> _Recorded data_:
· · · ·

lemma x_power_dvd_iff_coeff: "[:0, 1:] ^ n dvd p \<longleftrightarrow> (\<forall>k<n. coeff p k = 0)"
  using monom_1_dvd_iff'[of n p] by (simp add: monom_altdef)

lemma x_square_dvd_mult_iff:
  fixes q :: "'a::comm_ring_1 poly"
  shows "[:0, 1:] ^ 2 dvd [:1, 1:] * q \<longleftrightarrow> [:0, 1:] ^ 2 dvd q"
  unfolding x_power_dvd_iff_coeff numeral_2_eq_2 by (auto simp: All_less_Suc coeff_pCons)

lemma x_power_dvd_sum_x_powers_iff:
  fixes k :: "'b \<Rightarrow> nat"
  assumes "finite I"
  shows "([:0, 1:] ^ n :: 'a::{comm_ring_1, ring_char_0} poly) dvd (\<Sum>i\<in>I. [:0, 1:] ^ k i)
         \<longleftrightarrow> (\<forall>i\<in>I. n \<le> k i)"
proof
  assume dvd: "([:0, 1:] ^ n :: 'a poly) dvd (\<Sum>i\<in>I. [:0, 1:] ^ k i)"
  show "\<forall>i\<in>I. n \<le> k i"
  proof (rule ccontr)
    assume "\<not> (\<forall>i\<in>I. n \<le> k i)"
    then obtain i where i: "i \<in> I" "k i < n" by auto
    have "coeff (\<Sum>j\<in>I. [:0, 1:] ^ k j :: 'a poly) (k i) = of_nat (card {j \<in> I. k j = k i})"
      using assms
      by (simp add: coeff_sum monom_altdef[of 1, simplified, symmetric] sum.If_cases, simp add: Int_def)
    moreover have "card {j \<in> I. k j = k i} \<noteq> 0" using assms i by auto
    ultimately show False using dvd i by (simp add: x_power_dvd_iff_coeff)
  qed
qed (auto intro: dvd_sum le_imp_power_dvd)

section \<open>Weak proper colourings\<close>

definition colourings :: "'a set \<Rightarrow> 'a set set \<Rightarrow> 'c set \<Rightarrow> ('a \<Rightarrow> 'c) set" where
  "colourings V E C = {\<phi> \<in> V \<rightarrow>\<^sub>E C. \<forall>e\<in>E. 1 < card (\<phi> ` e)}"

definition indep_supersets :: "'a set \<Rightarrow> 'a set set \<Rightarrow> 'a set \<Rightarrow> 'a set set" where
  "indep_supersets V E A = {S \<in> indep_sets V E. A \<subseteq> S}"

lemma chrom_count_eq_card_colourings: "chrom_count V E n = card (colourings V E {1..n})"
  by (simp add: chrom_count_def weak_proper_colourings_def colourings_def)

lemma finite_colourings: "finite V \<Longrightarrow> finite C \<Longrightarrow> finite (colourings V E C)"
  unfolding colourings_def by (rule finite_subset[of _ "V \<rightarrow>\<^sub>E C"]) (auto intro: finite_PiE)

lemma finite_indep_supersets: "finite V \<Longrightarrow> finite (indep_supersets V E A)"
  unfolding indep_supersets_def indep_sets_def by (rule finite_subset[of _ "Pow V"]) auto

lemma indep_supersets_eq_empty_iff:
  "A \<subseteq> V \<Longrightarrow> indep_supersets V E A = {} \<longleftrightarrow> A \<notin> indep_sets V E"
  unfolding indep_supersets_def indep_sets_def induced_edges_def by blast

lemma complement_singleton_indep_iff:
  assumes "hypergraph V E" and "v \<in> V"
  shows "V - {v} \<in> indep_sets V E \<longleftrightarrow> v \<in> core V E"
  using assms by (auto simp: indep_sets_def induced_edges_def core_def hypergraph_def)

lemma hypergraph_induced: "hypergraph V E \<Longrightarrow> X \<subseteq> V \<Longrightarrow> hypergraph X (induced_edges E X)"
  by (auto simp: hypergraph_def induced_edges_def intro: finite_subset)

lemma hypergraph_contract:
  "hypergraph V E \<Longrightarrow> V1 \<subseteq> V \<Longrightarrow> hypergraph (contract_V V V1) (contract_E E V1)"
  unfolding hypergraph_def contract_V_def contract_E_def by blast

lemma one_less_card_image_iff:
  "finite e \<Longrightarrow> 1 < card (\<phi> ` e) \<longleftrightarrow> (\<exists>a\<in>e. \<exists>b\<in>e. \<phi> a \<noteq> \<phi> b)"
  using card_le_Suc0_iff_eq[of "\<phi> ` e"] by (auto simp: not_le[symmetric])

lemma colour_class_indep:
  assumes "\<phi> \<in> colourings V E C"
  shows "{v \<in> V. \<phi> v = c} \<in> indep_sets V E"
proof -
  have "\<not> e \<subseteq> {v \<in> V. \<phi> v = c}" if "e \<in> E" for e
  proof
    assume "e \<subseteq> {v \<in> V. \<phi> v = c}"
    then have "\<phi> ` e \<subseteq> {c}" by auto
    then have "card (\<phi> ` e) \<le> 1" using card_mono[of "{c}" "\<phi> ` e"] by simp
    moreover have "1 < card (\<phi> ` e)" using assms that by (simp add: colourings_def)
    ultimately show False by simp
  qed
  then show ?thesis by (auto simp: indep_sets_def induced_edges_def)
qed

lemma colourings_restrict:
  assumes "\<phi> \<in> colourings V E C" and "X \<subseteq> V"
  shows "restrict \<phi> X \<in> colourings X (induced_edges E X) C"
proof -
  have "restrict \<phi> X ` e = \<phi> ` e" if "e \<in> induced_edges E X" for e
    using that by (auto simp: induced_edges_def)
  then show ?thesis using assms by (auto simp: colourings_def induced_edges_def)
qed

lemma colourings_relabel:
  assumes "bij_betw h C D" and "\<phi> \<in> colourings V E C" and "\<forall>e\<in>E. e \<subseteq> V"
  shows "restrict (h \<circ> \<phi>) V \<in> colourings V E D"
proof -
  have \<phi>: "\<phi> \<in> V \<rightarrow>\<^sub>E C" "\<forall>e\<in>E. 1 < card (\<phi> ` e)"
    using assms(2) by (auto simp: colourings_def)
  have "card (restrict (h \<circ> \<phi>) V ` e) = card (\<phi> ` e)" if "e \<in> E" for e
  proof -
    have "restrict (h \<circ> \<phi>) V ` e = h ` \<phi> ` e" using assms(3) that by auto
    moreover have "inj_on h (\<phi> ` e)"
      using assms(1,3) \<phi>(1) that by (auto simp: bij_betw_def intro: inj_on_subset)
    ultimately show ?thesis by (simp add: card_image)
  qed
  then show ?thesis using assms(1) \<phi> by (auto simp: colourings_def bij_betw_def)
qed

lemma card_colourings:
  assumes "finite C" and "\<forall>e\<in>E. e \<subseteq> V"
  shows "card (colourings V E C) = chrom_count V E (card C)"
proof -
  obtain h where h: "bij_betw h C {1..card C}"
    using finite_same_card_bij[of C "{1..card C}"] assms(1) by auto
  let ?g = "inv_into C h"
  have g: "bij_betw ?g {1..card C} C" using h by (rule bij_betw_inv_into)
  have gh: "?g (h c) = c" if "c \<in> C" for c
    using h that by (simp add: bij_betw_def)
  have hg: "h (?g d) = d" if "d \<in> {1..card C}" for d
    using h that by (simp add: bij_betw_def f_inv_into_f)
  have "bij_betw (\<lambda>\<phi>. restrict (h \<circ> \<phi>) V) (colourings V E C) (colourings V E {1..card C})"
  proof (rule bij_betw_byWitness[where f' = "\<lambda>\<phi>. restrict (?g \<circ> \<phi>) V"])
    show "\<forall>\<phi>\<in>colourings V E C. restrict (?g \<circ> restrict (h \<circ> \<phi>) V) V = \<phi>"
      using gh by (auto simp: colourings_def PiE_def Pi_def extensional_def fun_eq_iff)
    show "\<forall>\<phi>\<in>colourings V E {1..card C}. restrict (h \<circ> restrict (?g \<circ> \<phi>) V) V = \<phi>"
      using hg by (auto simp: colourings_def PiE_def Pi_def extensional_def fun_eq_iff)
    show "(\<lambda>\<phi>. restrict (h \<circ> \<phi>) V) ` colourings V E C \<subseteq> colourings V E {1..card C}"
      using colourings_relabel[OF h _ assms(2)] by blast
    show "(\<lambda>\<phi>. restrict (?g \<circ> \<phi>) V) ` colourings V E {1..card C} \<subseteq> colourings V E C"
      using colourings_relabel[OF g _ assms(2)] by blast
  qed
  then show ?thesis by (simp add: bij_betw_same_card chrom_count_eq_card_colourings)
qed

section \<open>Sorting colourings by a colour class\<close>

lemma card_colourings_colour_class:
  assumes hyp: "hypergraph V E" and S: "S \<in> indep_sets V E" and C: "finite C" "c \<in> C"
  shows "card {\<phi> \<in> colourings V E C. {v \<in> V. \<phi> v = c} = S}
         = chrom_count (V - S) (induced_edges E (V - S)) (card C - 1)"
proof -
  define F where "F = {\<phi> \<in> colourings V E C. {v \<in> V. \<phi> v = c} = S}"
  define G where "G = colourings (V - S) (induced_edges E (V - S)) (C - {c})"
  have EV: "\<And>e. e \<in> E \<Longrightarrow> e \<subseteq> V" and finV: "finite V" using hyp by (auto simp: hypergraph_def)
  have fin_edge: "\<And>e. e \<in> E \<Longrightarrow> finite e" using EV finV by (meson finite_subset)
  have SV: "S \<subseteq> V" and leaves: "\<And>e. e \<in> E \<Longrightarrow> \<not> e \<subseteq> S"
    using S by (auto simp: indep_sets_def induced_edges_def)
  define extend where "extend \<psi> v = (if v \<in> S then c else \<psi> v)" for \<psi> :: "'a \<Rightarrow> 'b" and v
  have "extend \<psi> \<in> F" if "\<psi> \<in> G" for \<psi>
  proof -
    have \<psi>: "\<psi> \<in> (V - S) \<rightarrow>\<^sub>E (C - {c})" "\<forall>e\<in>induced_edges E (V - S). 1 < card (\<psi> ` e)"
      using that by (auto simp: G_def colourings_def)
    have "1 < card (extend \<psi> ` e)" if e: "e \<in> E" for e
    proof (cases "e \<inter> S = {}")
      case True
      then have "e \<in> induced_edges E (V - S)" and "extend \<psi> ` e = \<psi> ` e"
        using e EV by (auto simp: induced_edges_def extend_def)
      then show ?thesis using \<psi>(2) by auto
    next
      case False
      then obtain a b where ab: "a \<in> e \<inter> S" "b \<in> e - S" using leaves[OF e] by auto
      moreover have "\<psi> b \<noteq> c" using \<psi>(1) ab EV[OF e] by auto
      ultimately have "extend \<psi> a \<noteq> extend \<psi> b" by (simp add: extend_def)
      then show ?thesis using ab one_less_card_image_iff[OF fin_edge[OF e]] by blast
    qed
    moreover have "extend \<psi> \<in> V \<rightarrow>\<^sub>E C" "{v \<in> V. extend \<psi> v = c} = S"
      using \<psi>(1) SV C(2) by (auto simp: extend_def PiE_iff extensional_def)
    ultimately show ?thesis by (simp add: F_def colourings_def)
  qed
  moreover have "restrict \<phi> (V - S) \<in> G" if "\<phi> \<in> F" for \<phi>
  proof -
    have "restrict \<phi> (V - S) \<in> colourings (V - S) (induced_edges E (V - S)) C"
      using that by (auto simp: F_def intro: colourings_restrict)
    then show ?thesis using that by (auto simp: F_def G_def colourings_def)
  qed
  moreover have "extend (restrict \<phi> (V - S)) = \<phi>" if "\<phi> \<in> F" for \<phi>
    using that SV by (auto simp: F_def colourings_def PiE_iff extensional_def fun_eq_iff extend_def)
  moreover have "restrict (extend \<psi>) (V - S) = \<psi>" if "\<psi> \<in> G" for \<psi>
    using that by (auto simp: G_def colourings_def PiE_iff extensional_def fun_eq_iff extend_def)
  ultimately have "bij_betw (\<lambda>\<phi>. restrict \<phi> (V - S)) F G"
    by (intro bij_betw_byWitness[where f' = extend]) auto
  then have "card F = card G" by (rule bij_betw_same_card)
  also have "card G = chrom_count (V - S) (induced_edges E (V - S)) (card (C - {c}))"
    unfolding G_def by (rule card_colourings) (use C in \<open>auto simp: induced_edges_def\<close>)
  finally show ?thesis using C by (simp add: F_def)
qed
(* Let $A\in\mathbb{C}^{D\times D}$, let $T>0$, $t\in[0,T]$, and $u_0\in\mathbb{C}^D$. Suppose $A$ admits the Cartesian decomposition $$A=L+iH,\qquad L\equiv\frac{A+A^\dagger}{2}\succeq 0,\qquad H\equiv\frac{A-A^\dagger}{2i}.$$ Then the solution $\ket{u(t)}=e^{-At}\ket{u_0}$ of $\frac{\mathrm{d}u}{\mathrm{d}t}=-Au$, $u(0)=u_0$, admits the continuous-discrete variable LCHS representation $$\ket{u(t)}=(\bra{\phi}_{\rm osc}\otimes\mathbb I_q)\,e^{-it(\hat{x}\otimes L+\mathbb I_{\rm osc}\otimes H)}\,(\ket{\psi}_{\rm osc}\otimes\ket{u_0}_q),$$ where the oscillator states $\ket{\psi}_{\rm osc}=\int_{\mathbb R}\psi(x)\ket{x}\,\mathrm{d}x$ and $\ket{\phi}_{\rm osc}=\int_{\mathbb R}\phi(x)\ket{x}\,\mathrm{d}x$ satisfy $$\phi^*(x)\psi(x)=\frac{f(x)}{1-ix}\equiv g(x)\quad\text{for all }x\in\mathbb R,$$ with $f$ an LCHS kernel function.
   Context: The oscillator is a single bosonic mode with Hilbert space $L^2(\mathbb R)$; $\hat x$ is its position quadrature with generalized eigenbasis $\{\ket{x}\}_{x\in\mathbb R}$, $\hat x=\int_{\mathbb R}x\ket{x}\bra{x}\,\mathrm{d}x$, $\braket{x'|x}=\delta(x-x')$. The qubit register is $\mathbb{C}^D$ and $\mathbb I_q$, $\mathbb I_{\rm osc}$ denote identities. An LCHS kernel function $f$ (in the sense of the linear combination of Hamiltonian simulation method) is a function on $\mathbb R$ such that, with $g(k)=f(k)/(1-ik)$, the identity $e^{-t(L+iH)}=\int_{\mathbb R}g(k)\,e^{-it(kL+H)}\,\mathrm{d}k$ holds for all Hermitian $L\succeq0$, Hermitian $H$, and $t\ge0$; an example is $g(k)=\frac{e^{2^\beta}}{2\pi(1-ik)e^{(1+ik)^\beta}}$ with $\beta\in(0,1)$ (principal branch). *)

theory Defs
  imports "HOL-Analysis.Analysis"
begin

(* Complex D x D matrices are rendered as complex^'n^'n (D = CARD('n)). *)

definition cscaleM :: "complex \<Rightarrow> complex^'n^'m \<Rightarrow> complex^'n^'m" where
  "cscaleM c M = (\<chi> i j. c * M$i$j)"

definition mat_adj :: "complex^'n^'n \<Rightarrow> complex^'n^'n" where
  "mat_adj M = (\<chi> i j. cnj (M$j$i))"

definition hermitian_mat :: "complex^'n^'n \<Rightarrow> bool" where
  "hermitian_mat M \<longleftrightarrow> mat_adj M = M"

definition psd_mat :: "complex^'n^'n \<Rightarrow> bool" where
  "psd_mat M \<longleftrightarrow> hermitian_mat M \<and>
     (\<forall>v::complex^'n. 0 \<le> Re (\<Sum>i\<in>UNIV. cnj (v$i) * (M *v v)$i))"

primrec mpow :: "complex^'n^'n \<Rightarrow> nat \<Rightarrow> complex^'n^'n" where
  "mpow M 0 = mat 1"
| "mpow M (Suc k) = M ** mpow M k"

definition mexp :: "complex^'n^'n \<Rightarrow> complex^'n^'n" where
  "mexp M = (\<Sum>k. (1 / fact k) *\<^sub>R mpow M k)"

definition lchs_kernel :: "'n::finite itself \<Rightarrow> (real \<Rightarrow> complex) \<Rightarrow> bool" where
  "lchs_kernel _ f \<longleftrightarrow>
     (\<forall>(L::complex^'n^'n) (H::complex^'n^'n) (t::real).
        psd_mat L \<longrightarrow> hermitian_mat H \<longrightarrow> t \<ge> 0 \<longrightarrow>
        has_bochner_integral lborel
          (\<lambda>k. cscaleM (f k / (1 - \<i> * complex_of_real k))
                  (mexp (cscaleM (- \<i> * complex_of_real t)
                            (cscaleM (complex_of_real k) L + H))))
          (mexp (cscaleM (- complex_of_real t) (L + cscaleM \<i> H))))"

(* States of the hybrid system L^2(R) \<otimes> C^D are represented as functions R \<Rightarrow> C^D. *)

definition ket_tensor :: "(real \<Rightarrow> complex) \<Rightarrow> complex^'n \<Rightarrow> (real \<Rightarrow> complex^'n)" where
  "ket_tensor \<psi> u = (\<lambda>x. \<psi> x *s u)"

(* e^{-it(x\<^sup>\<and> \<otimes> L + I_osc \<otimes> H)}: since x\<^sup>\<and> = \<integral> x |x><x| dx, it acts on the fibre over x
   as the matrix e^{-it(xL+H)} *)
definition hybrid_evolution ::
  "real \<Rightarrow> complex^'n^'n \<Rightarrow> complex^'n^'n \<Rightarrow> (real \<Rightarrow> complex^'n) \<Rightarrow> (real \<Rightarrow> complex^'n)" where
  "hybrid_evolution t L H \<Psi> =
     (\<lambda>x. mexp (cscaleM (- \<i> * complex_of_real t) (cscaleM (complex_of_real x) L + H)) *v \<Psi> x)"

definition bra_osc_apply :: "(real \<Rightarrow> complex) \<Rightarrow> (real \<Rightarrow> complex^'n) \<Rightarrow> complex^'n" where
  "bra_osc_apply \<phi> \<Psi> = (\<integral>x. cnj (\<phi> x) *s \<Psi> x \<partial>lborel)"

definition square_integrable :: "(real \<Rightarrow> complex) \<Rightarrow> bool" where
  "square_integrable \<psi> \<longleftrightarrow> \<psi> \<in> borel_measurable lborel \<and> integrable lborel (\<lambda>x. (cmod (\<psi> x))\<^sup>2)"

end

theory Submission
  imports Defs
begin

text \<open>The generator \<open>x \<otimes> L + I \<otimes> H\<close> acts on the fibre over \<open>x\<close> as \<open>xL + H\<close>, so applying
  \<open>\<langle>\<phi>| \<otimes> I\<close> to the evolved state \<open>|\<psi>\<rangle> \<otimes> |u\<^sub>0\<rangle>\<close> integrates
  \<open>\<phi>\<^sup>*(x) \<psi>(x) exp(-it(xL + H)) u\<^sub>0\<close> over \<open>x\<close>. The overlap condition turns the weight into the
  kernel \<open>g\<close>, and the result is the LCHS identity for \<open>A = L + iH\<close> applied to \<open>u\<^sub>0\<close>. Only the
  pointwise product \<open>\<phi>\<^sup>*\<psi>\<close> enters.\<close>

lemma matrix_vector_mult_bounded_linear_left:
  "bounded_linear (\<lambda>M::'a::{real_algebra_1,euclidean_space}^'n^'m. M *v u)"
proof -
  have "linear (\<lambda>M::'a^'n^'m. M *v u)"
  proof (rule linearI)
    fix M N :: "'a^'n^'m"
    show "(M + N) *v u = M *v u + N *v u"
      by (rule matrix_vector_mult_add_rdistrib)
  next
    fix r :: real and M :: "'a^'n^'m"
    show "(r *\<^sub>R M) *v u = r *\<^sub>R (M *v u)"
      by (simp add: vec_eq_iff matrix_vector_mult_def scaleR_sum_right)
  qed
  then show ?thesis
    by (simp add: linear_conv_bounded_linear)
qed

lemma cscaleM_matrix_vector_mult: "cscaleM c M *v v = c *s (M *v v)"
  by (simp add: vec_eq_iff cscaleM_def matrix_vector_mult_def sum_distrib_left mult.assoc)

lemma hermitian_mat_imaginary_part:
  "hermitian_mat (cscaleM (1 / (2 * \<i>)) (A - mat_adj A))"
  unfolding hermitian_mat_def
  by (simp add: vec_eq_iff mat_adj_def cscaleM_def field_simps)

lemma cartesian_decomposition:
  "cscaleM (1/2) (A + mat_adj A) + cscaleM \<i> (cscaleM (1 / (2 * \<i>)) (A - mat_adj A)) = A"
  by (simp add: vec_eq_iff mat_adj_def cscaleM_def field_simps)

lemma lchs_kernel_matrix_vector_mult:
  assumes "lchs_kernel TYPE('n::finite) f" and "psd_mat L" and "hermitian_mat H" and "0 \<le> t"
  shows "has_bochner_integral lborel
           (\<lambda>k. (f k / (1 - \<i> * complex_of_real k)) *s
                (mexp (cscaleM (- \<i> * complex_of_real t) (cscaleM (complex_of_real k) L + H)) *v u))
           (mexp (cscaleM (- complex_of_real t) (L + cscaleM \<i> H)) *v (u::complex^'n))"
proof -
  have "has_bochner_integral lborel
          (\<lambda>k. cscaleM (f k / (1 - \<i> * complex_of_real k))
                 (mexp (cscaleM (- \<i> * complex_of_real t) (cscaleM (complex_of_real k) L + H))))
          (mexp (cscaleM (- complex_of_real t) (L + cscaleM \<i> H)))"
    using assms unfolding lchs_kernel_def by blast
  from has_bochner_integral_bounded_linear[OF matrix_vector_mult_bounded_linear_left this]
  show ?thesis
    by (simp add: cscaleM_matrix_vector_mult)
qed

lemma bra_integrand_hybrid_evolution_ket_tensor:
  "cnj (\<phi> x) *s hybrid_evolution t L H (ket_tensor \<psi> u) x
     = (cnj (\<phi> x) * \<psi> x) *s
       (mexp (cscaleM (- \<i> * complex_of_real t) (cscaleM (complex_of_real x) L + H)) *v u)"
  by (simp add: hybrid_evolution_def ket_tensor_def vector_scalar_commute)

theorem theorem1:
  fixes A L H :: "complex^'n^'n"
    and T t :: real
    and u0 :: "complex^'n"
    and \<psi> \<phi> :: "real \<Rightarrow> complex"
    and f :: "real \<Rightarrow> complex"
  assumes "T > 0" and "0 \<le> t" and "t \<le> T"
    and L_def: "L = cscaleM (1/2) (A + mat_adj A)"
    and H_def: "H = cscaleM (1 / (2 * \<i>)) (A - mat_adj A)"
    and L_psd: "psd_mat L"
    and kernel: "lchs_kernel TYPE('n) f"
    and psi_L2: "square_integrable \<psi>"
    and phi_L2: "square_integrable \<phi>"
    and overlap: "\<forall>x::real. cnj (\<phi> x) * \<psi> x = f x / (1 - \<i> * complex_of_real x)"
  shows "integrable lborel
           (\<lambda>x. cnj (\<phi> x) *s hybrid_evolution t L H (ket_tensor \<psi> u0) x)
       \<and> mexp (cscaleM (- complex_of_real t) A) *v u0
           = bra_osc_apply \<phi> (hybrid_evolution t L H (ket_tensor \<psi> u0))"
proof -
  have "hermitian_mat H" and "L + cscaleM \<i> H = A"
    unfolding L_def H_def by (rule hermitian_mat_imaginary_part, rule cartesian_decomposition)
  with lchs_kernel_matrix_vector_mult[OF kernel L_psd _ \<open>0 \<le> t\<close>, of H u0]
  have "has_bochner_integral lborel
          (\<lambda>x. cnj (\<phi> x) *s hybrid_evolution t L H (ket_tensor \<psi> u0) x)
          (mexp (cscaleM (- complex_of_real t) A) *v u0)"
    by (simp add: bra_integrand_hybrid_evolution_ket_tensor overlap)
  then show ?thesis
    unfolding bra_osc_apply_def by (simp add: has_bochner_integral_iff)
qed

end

· · · ·

> _Description of the task_: State the number of lines in the records above that contain the string "leaves", and give nothing else.

> _Written response_: 2